Some authors specialise in deriving expertise from unexpected sources. Alan Axelrod is the author of books on business lessons from Queen Elizabeth I, Franklin Delano Roosevelt and the game of Monopoly. It will come as no surprise that Mr Axelrod is also a regular contributor to a series entitled The Complete Idiot’s Guides. The line between prescription and parody is a fine one in the business bookshop: God is my Broker is a spoof, but the intentions behind Jesus CEO are entirely serious.

It is possible to turn out these books because many human dilemmas change little over time or between activities. “Thou shalt not covet thy neighbour’s wife, nor his ox, nor his ass” was good advice in Old Testament days and, with appropriate modification, remains valid in the corridors of the Football Association or the Enron boardroom. Shakespeare’s Hamlet illustrates the personal and professional consequences of indecision, which can be as adverse in the executive suite as at the Castle at Elsinore. But no deep appreciation of theology, literature or business is required to make that observation.
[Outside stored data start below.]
(* Couple the original redundancy system and the UB system described in the context so that they have the same arrival instants, types and job sizes, and assume $N_c(0)=N_c^{UB}(0)$ and $a_{cjs}(0)=a^{UB}_{cjs}(0)$ for all $c,j,s$. Then $N_c(t)\le N_c^{UB}(t)$ and $a_{cjs}(t)\ge a^{UB}_{cjs}(t)$ for all $c,j,s$ and all $t\ge0$.
   Context: Model: $K$ parallel servers $S=\{1,\ldots,K\}$ with capacities $\mu_k>0$, each serving its own queue by Processor Sharing (with $M_k$ copies present, each copy at server $k$ receives rate $\mu_k/M_k$). Jobs arrive by a Poisson process; each job independently is of type $c\subseteq S$ with probability $p_c$; $\mathcal C=\{c:p_c>0\}$, $\mathcal C(s)=\{c\in\mathcal C:s\in c\}$. Original (redundancy) system: a type-$c$ job sends identical copies (same size $b_{cj}$ for the $j$th type-$c$ job) to all servers of $c$ and departs as soon as one copy completes, the others being removed. Subsystems: $S_1=S$, $\mathcal C_1=\mathcal C$, $\mathcal C_i(s)=\mathcal C_i\cap\mathcal C(s)$, $\mathcal L_i=\arg\max_{s\in S_i}\frac{\mu_s}{\sum_{c\in\mathcal C_i(s)}p_c}$, $S_{i+1}=S\setminus\bigcup_{l\le i}\mathcal L_l$, $\mathcal C_{i+1}=\{c\in\mathcal C:c\subseteq S_{i+1}\}$; $\mathcal R(c)=\{s:\exists i,\ c\in\mathcal C_i(s),\ s\in\mathcal L_i\}$. UB system: same, except a type-$c$ job departs only when all its copies at servers in $\mathcal R(c)$ are fully served, upon which its remaining copies are removed. $N_c(t)$ ($N_c^{UB}(t)$) is the number of type-$c$ jobs present at time $t$ in the original (UB) system, and $a_{cjs}(t)$ ($a^{UB}_{cjs}(t)$) the service attained at server $s$ by the copy of the $j$th type-$c$ job. Convention: if a job has already departed in the original system but not in the UB system, its attained service at all its servers in the original system is set equal to its size $b_{cj}$. *)

theory Defs
  imports "HOL-Analysis.Analysis"
begin

definition types :: "('s set \<Rightarrow> real) \<Rightarrow> 's set set" where
  "types p = {c. p c > 0}"

definition sub_types :: "('s set \<Rightarrow> real) \<Rightarrow> 's set \<Rightarrow> 's set set" where
  "sub_types p Si = {c \<in> types p. c \<subseteq> Si}"

definition load :: "('s set \<Rightarrow> real) \<Rightarrow> 's set set \<Rightarrow> 's \<Rightarrow> real" where
  "load p Ci s = (\<Sum>c\<in>{c \<in> Ci. s \<in> c}. p c)"

definition ratio :: "('s \<Rightarrow> real) \<Rightarrow> ('s set \<Rightarrow> real) \<Rightarrow> 's set set \<Rightarrow> 's \<Rightarrow> ereal" where
  "ratio mu p Ci s = (if load p Ci s = 0 then \<infinity> else ereal (mu s / load p Ci s))"

definition Lset :: "('s \<Rightarrow> real) \<Rightarrow> ('s set \<Rightarrow> real) \<Rightarrow> 's set \<Rightarrow> 's set" where
  "Lset mu p Si = {s \<in> Si. \<forall>s'\<in>Si. ratio mu p (sub_types p Si) s' \<le> ratio mu p (sub_types p Si) s}"

text \<open>Sstage mu p S i is S_{i+1} (index shifted by one): S_1 = S,
  S_{i+1} = S_i - L_i = S - (L_1 \<union> ... \<union> L_i).\<close>
primrec Sstage :: "('s \<Rightarrow> real) \<Rightarrow> ('s set \<Rightarrow> real) \<Rightarrow> 's set \<Rightarrow> nat \<Rightarrow> 's set" where
  "Sstage mu p S 0 = S"
| "Sstage mu p S (Suc i) = Sstage mu p S i - Lset mu p (Sstage mu p S i)"

definition Rset :: "('s \<Rightarrow> real) \<Rightarrow> ('s set \<Rightarrow> real) \<Rightarrow> 's set \<Rightarrow> 's set \<Rightarrow> 's set" where
  "Rset mu p S c = {s. \<exists>i. c \<in> sub_types p (Sstage mu p S i) \<and> s \<in> c
                          \<and> s \<in> Lset mu p (Sstage mu p S i)}"

text \<open>Jobs are indexed globally by nat: arrival time arr i, type ctyp i, size sz i.
  a i s t is the service attained by the copy of job i at server s by time t.
  pres i t says whether job i is present in the system at time t.\<close>
definition copy_active ::
  "(nat \<Rightarrow> real \<Rightarrow> bool) \<Rightarrow> (nat \<Rightarrow> 's set) \<Rightarrow> (nat \<Rightarrow> real) \<Rightarrow> (nat \<Rightarrow> 's \<Rightarrow> real \<Rightarrow> real)
    \<Rightarrow> nat \<Rightarrow> 's \<Rightarrow> real \<Rightarrow> bool" where
  "copy_active pres ctyp sz a i s t \<longleftrightarrow> pres i t \<and> s \<in> ctyp i \<and> a i s t < sz i"

definition ncopies ::
  "(nat \<Rightarrow> real \<Rightarrow> bool) \<Rightarrow> (nat \<Rightarrow> 's set) \<Rightarrow> (nat \<Rightarrow> real) \<Rightarrow> (nat \<Rightarrow> 's \<Rightarrow> real \<Rightarrow> real)
    \<Rightarrow> 's \<Rightarrow> real \<Rightarrow> nat" where
  "ncopies pres ctyp sz a s t = card {k. copy_active pres ctyp sz a k s t}"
Metaphor and analogy are powerful tools of explanation, but only when the parallels are subtle and extensive. Perhaps becoming CEO of General Electric is like winning the Master’s tournament at Augusta. But the nature and limitations of the comparison are so obvious that nothing is learnt by making it. “Business is just like a round of golf” would be interesting if it were true, but it is not. Good metaphors rest on more than a single point of comparison, and acquire their force from the appreciation of an overall situation created by such successive elaboration. My hopes were not raised by the title If Aristotle Ran General Motors. But, inside its covers, you find an entirely serious discussion of the implications of aspects of Aristotelian ethics for the relationship between a corporation and society. The elaboration of common elements between concepts of civic duty in ancient Athens and modern Detroit is less funny, but much more penetrating, than Michael Moore’s pursuit of similar issues in Roger & Me.
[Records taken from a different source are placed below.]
(* Let $\mathcal R_4=\{(0^m1^na,4^l): m,n,l\ge0,\ a\in\{2,3\},\ (a=2\Rightarrow l=m)\wedge(a=3\Rightarrow l=n)\}\subseteq\{0,1,2,3\}^*\times\{4\}^*$. Then $\mathcal R_4$ can be computed with an isolated cutpoint both by a probabilistic finite state transducer and by a quantum finite state transducer, but neither by a probabilistic nor by a quantum finite state transducer can it be computed with probability $\alpha$ for any $\alpha>1/2$.
   Context: A probabilistic finite state transducer (pfst) is a tuple $T=(Q,\Sigma_1,\Sigma_2,V,f,q_0,Q_{\rm acc},Q_{\rm rej})$ with finite state set $Q$, finite input/output alphabets $\Sigma_1,\Sigma_2$, initial state $q_0$, disjoint accepting/rejecting sets $Q_{\rm acc},Q_{\rm rej}\subseteq Q$ (the other states are non-halting). For each $a\in\Sigma_1\cup\{\ddagger,\$\}$ ($\ddagger,\$$ are end markers) there is a stochastic $Q\times Q$ matrix $V_a$ and an output function $f_a:Q\to\Sigma_2^*$; $V_\$$ puts all probability on halting states. On input $v$ the machine reads $\ddagger v\$$; in state $q$ reading $a$ it appends $f_a(q)$ to the output tape and moves to state $p$ with probability $(V_a)_{qp}$; if $p$ is accepting (rejecting) it halts and accepts with the current output (rejects). $T(w|v)$ is the probability of accepting with output $w$ on input $v$. A quantum finite state transducer (qfst) has the same data except that each $V_a$ is a unitary on $\ell^2(Q)$ (and $V_\$$ maps the span of non-halting states into the span of halting states). Its non-halting part is a vector $\psi=\sum_{q,w}\alpha_{qw}|q\rangle\otimes|w\rangle\in\ell^2(Q\times\Sigma_2^* )$, initially $|q_0\rangle\otimes|\epsilon\rangle$; reading $a$ maps it to $\psi'=\sum_{q,w}\alpha_{qw}V_a|q\rangle\otimes|wf_a(q)\rangle$ with $V_a|q\rangle=\sum_p(V_a)_{qp}|p\rangle$, after which the squared norm of the component of $\psi'$ on $\mathrm{span}(Q_{\rm acc})\otimes|x\rangle$ is added to the probability of accepting with output $x$, the squared norm of the component on $\mathrm{span}(Q_{\rm rej})\otimes\ell^2(\Sigma_2^* )$ to the rejection probability, and the computation continues with the projection onto non-halting states. $T(w|v)$ is defined analogously. For $\alpha>1/2$, $T$ computes $\mathcal R$ with probability $\alpha$ if for all $v,w$: $(v,w)\in\mathcal R\Rightarrow T(w|v)\ge\alpha$ and $(v,w)\notin\mathcal R\Rightarrow T(w|v)\le1-\alpha$. $T$ computes $\mathcal R$ with isolated cutpoint if there are $0<\alpha<1$ and $\varepsilon>0$ such that for all $v,w$: $(v,w)\in\mathcal R\Rightarrow T(w|v)\ge\alpha+\varepsilon$ and $(v,w)\notin\mathcal R\Rightarrow T(w|v)\le\alpha-\varepsilon$. *)

theory Defs
  imports Complex_Main
begin

text \<open>Tape symbols: input letters plus the left end marker (double dagger) and the
right end marker (dollar).\<close>
datatype 'a sym = Sym 'a | LEnd | REnd

text \<open>A finite state transducer with states drawn from nat (a finite set of them),
transition matrices with scalars of type 's (real for pfst, complex for qfst),
entry trans a q p being (V_a)_{qp}, and output functions f_a.\<close>
record 's fst =
  states :: "nat set"
  init   :: nat
  acc    :: "nat set"
  rej    :: "nat set"
  trans  :: "nat sym \<Rightarrow> nat \<Rightarrow> nat \<Rightarrow> 's"
  out    :: "nat sym \<Rightarrow> nat \<Rightarrow> nat list"

definition tape_syms :: "nat set \<Rightarrow> nat sym set" where
  "tape_syms \<Sigma>1 = Sym ` \<Sigma>1 \<union> {LEnd, REnd}"

definition nonhalting :: "('s, 'z) fst_scheme \<Rightarrow> nat set" where
  "nonhalting T = states T - (acc T \<union> rej T)"

definition fst_basic :: "nat set \<Rightarrow> nat set \<Rightarrow> ('s::zero, 'z) fst_scheme \<Rightarrow> bool" where
  "fst_basic \<Sigma>1 \<Sigma>2 T \<longleftrightarrow> finite (states T) \<and> init T \<in> states T \<and>
     acc T \<subseteq> states T \<and> rej T \<subseteq> states T \<and> acc T \<inter> rej T = {} \<and>
     (\<forall>a\<in>tape_syms \<Sigma>1. \<forall>q\<in>states T.
        set (out T a q) \<subseteq> \<Sigma>2 \<and> (\<forall>p. p \<notin> states T \<longrightarrow> trans T a q p = 0))"

definition is_pfst :: "nat set \<Rightarrow> nat set \<Rightarrow> real fst \<Rightarrow> bool" where
  "is_pfst \<Sigma>1 \<Sigma>2 T \<longleftrightarrow> fst_basic \<Sigma>1 \<Sigma>2 T \<and>
     (\<forall>a\<in>tape_syms \<Sigma>1. \<forall>q\<in>states T.
        (\<forall>p\<in>states T. trans T a q p \<ge> 0) \<and> (\<Sum>p\<in>states T. trans T a q p) = 1) \<and>
     (\<forall>q\<in>states T. \<forall>p\<in>nonhalting T. trans T REnd q p = 0)"

definition is_qfst :: "nat set \<Rightarrow> nat set \<Rightarrow> complex fst \<Rightarrow> bool" where
  "is_qfst \<Sigma>1 \<Sigma>2 T \<longleftrightarrow> fst_basic \<Sigma>1 \<Sigma>2 T \<and>
     (\<forall>a\<in>tape_syms \<Sigma>1. \<forall>q\<in>states T. \<forall>q'\<in>states T.
        (\<Sum>p\<in>states T. trans T a q p * cnj (trans T a q' p)) = (if q = q' then 1 else 0)) \<and>
     (\<forall>q\<in>nonhalting T. \<forall>p\<in>nonhalting T. trans T REnd q p = 0)"

text \<open>One step on a configuration vector (state, output) \<Rightarrow> scalar: reading a,
configuration (q,w) contributes its weight times (V_a)_{qp} to (p, w @ f_a(q)).\<close>
definition fst_step :: "('s::comm_ring_1, 'z) fst_scheme \<Rightarrow> nat sym \<Rightarrow>
    (nat \<Rightarrow> nat list \<Rightarrow> 's) \<Rightarrow> (nat \<Rightarrow> nat list \<Rightarrow> 's)" where
  "fst_step T a \<mu> p x =
     (\<Sum>q\<in>states T. if length (out T a q) \<le> length x \<and> drop (length x - length (out T a q)) x = out T a q
        then \<mu> q (take (length x - length (out T a q)) x) * trans T a q p else 0)"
But it is easy to see the problem that confronted Tom Morris, a serious philosopher, when he set out to write that book. The multi-million sales of volumes such as Fish! and Who Moved My Cheese? show there is a large market for business books that is neither demanding nor discriminating, and attracts potboilers full of platitudes such as “Management is about leadership”. Differentiating your product – whether lightweight or not – from many apparently identical titles requires a gimmick, and attributing your thoughts to Lara Croft, Osama bin Laden or Aristotle is one means of grabbing attention.
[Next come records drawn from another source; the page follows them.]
lemma chr_eq_prod_cpow:
  assumes "faithful A" "dual A B" "g \<in> torus"
  shows "chr c g = (\<Prod>j\<in>UNIV. cpow (chr (A$j) g) (rinner c (B$j)))"
proof -
  have "chr c g = chr c (\<chi> k. \<Prod>j\<in>UNIV. cochar (B$j) (chr (A$j) g) $ k)"
    using torus_eq_prod_cochar[OF assms] by simp
  also have "\<dots> = (\<Prod>j\<in>UNIV. cpow (chr (A$j) g) (rinner c (B$j)))"
    by (simp add: chr_prod cochar_in_torus chr_cochar chr_nonzero[OF assms(3)])
  finally show ?thesis .
qed

lemma faithful_rinner_inj:
  assumes "faithful A" and "\<And>k. rinner (A$k) x = rinner (A$k) y"
  shows "x = y"
proof -
  have "cochar x t = cochar y t" if t: "t \<noteq> 0" for t
  proof (rule faithful_chr_inj[OF assms(1) cochar_in_torus[OF t] cochar_in_torus[OF t]])
    show "chr (A$i) (cochar x t) = chr (A$i) (cochar y t)" for i
      by (simp only: chr_cochar[OF t] assms(2))
  qed
  then have "cpow t (x$k) = cpow t (y$k)" if "t \<noteq> 0" for t k
    using that by (simp add: cochar_def vec_eq_iff)
  then show ?thesis
    unfolding vec_eq_iff by (blast intro: cpow_exponent_inj)
qed

lemma dual_pairings_inverse:
  assumes "faithful A" "dual A B" "dual A' B'"
  shows "(\<Sum>j\<in>UNIV. rmult (rinner (A'$k) (B$j)) (rinner (A$j) (B'$l))) = (if k = l then rone else rzero)"
proof (rule cpow_exponent_inj)
  fix t :: complex
  assume t: "t \<noteq> 0"
  have "cpow t (\<Sum>j\<in>UNIV. rmult (rinner (A'$k) (B$j)) (rinner (A$j) (B'$l)))
      = (\<Prod>j\<in>UNIV. cpow (chr (A$j) (cochar (B'$l) t)) (rinner (A'$k) (B$j)))"
    using t by (simp add: cpow_sum cpow_cpow chr_cochar)
  also have "\<dots> = chr (A'$k) (cochar (B'$l) t)"
    by (rule chr_eq_prod_cpow[OF assms(1,2) cochar_in_torus[OF t], symmetric])
  also have "\<dots> = cpow t (if k = l then rone else rzero)"
    using t assms(3) by (simp add: chr_cochar_dual cpow_rone)
  finally show "cpow t (\<Sum>j\<in>UNIV. rmult (rinner (A'$k) (B$j)) (rinner (A$j) (B'$l)))
      = cpow t (if k = l then rone else rzero)" .
qed

section \<open>Monomial maps\<close>

text \<open>\<open>cpow 0 m\<close> is a junk value; equivariant maps fix the origin, so power maps are extended by 0.\<close>

definition cpow0 :: "complex \<Rightarrow> rr \<Rightarrow> complex" where
  "cpow0 w m = (if w = 0 then 0 else cpow w m)"

lemma cpow0_mult: "g \<noteq> 0 \<Longrightarrow> cpow0 (g * w) m = cpow g m * cpow0 w m"
  by (simp add: cpow0_def cpow_mult)

lemma cpow0_cpow0: "cpow0 (cpow0 w a) b = cpow0 w (rmult b a)"
  by (simp add: cpow0_def cpow_nonzero cpow_cpow)

lemma cpow0_rone [simp]: "cpow0 w rone = w"
  by (simp add: cpow0_def cpow_rone)

lemma cpow0_mu0 [simp]: "cpow0 w mu0 = cnj w"
proof (cases "w = 0")
  case False
  have "cpow w mu0 = of_real (norm w) * inverse (sgn w)"
    using False by (simp add: cpow_def mu0_def exp_of_real power_int_minus)
  also have "\<dots> = cnj w"
    using False complex_norm_square[of w]
    by (simp add: complex_sgn_def scaleR_conv_of_real field_simps power2_eq_square)
  finally show ?thesis
    using False by (simp add: cpow0_def)
qed (simp add: cpow0_def)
Amid this desolation, it is reassuring that those popular business books that do have substantive content – Jim Collins’ Good to Great and Built to Last, Larry Bossidy’s Execution – continue to sell. There has been no similar book published this year. You could try Henry Mintzberg’s Managers not MBAs, a sceptical look at business education and business strategy. James Surowiecki’s The Wisdom of Crowds, Paul Seabright’s The Company of Strangers and Martin Wolf’s Why Globalization Works are not business books, but deal with issues central to understanding the business environment.

As executives head for the beach they could do worse than recall Pooh’s advice to the manager: “He delegates work/To those that he trusts/Objectives and organising/Are some of his musts”. But they could also do better.